Anatomy posed multiple challenges to Islamic tradition. The prophet forbade cutting open a dead body, and precise anatomical drawings violated religious bans on reproducing the human form. But within a few decades, medical students in both Istanbul and Cairo were learning anatomy through dissection. Massive death tolls from plague were no longer framed as inevitable and even desirable expressions of God’s will. Improvements in public health and safety protocols dramatically decreased infection rates by the middle of the 19th century.

Yet not all changes were unambiguously positive. De Bellaigue does not simply glorify any instance of emulation as progress. By the late 19th century, European railroads supplied mass-produced goods to large stretches of the Ottoman Empire as well as Iran, which decimated local handicraft industries and enabled increasingly heavy-handed political meddling by European powers. Just as Napoleon was more interested in expanding his empire than spreading ideas in the late 18th century, the European powers in the late 19th century were motivated more by money and power than any sort of altruism.

In both cases, however, exposure to European ideas did catalyze change.

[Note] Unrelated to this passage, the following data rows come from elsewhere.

lemma hyperplane_bound_eigenvector_orthogonal:
  fixes A :: "real^'n^'n"
  assumes bound: "\<forall>x. x \<bullet> u = 0 \<longrightarrow> x \<bullet> (A *v x) \<le> \<mu> * (x \<bullet> x)"
    and "A *v p = a *\<^sub>R p" "A *v v = \<mu> *\<^sub>R v" "p \<bullet> v = 0" "p \<noteq> 0" "\<mu> < a"
  shows "v \<bullet> u = 0"
proof -
  have "0 < p \<bullet> p" using \<open>p \<noteq> 0\<close> by simp
  then show ?thesis
    using hyperplane_bound_two_eigenvectors[OF assms(1-4)] \<open>\<mu> < a\<close>
    by (simp add: mult_le_0_iff del: inner_gt_zero_iff)
qed

lemma subspace_basis_one_outside_hyperplane:
  fixes V :: "'a::euclidean_space set"
  assumes "subspace V" "p \<in> V" "p \<bullet> u \<noteq> 0"
  obtains B where "independent B" "span B = V" "card {b \<in> B. b \<bullet> u \<noteq> 0} = 1"
proof -
  define W where "W = V \<inter> {v. v \<bullet> u = 0}"
  have "subspace W" unfolding W_def
    by (intro subspace_inter assms(1)) (auto simp: subspace_def inner_add_left)
  obtain B' where B': "B' \<subseteq> W" "independent B'" "span B' = W"
    by (metis basis_exists span_subspace \<open>subspace W\<close>)
  have "p \<notin> span B'" using assms(3) B'(3) by (simp add: W_def)
  have "span (insert p B') = V"
  proof
    show "span (insert p B') \<subseteq> V" using B'(1) assms(1,2) by (simp add: W_def span_minimal)
    show "V \<subseteq> span (insert p B')"
    proof
      fix v assume "v \<in> V"
      define t where "t = (v \<bullet> u) / (p \<bullet> u)"
      have "v - t *\<^sub>R p \<in> W"
        using \<open>v \<in> V\<close> assms by (simp add: W_def t_def subspace_diff subspace_scale inner_diff_left)
      then show "v \<in> span (insert p B')"
        using B'(3) span_breakdown_eq by blast
    qed
  qed
  moreover have "{b \<in> insert p B'. b \<bullet> u \<noteq> 0} = {p}" using assms(3) B'(1) by (auto simp: W_def)
  moreover have "independent (insert p B')" using B'(2) \<open>p \<notin> span B'\<close> by (simp add: independent_insert)
  ultimately show ?thesis using that[of "insert p B'"] by simp
qed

The first glimmers of constitutional government, the first independent newspapers, the rise of internationalism and feminism – these and many other developments characterized the second half of the 19th century in Egypt, the Ottoman Empire, and Iran.

Though forces of reaction and conservatism were always present, the years immediately after World War I inaugurated what De Bellaigue calls a counter-Enlightenment. This was in large part a reaction to the cynical colonial land grabs and imperial meddling of Western powers in the geography and politics of the Middle East.

De Bellaigue is a knowledgeable guide through huge sweeps of cultural history. But his book gradually sinks under the weight of the many details that compose it. Focusing on a single complex and multiethnic culture over two centuries is ambitious enough; attempting to follow three such civilizations dissipates the narrative’s thematic clarity. Details proliferate, but meaning begins to recede.

But the strongest sections of the book pose powerful dilemmas that are by no means resolved. The region’s history testifies to a welter of complex truths: that venal European motives spurred both positive cultural change and encourage extremism, that modernization may improve material circumstances while creating a gaping spiritual void, and that Western demands for Islamic countries to modernize ignore the fact that they have been doing so for over two centuries.